What are the risks of Atrial Fibrillation?

Stroke

The main risk associated with AF is stroke. This occurs because the atria are fibrillating and not beating in a co-ordinated way. The lack of sufficient contraction means that the blood in the atria becomes stagnant and can form clots. These clots can break off and travel anywhere in the body, but most worryingly, they can travel to the brain and cause a stroke.

Many healthcare professionals now use an assessment tool which has international recognition and approval: CHADS2 or CHA2DS2VASc.

CHADS2

Congestive heart disease 1 point
Hypertension                        1 point
Age (75 years +)                  1 point
Diabetes                                1 point
Stroke or previous TIA         2 points

Score

If you score 0 points and are aged under 65 years, you are at no risk of AF-related stroke. Therefore, there is no necessity to be on anticoagulant or antiplatelet treatment.

If you score 0 points and are aged over 65 years, you are at low risk of AF-related stroke. Therefore, there is no necessity to be on anticoagulant or antiplatelet treatment.

If you score 1 point, you are moderate risk of AF-related stroke. Therefore, you might be considered for treatment, depending on other factors such as your age.

If you score 2 points, your are at high risk of AF-related stroke. Therefore, you should be considered for anticoagulant treatment.

CHA2DS2VASc (developed since 2010)

Congestive heart disease 1 point
Hypertension                        1 point
Age (75 years +)                  2 points
Diabetes                                1 point
Stroke or previous TIA         2 points
Vascular heart disease      1 point
Age (65-74 years)                1 point
Sex category (female)         1 point

Score

If you score 0 points, you are low risk. Therefore anticoagulant or antiplatelet treatment is not necessary.
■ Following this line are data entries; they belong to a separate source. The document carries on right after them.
(* Optimum Stack Generation over an alphabet $\Sigma$ can be reduced to the scored parsing problem of a bounded-difference scored grammar in Chomsky normal form. The size of the grammar is polynomial in $|\Sigma|$, and the input string is not changed by the reduction.
   Context: Optimum Stack Generation: given a finite alphabet $\Sigma$ and a string $\sigma\in\Sigma^*$, starting from an empty stack, find the minimum length of a sequence of operations push$(c)$ ($c\in\Sigma$), emit (print the top symbol) and pop that prints exactly $\sigma$ and ends with an empty stack. A scored grammar is a CFG whose productions $p$ carry non-negative integer scores $s(p)$; $s(X,\sigma)$ is the minimum total score of a derivation $X\to^*\sigma$ ($\infty$ if none). It is $W$-bounded-difference if for every non-terminal $X$, terminal $x$, non-empty terminal string $\sigma$: $|s(X,\sigma)-s(X,\sigma x)|\le W$ and $|s(X,\sigma)-s(X,x\sigma)|\le W$; bounded-difference means $W=O(1)$. Chomsky normal form: productions $Z\to XY$, $Z\to c$, $S\to\varepsilon$ with $X,Y$ non-terminals different from the start symbol $S$. The scored parsing problem asks for $s(S,\sigma)$ for the start symbol $S$. *)

theory Defs
  imports Main "HOL-Library.Extended_Nat"
begin

datatype 'a stack_op = Push 'a | Emit | Pop

fun run_ops :: "'a stack_op list \<Rightarrow> 'a list \<Rightarrow> 'a list \<Rightarrow> ('a list \<times> 'a list) option" where
  "run_ops [] st out = Some (st, out)"
| "run_ops (Push c # ops) st out = run_ops ops (c # st) out"
| "run_ops (Emit # ops) [] out = None"
| "run_ops (Emit # ops) (c # st) out = run_ops ops (c # st) (out @ [c])"
| "run_ops (Pop # ops) [] out = None"
| "run_ops (Pop # ops) (c # st) out = run_ops ops st out"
If you score 1 point, you are at moderate risk. Therefore, you should be considered for treatment.

If you score 2 points or more, you are at high risk. Therefore, anticoagulant treatment is recommended.

Professor Ben Freedman, Prof. of Cardiology, Concord Hospital and spokesperson for AF Association Australia, raised awareness AF and highlights a diagnostic device that can screen for AF during World Heart Rhythm Week 2012:

Heart Failure

Having an uncontrolled heart rate for long periods of time (weeks or months) can damage the heart and you should check with your doctor that your heart rate is controlled adequately. In extreme cases, often when the rate is very fast or when it happens in a damaged heart, AF can cause heart failure, which means that the heart becomes weak, as a result of the rapid rhythm. As the heart weakens, blood flows back into the lungs and affects the normal breathing pattern.

AF is also associated with a slightly increased risk of death although this is a very small risk and generally AF is not considered a life threatening disease in its own right. Why AF is associated with increased risk of death is not understood.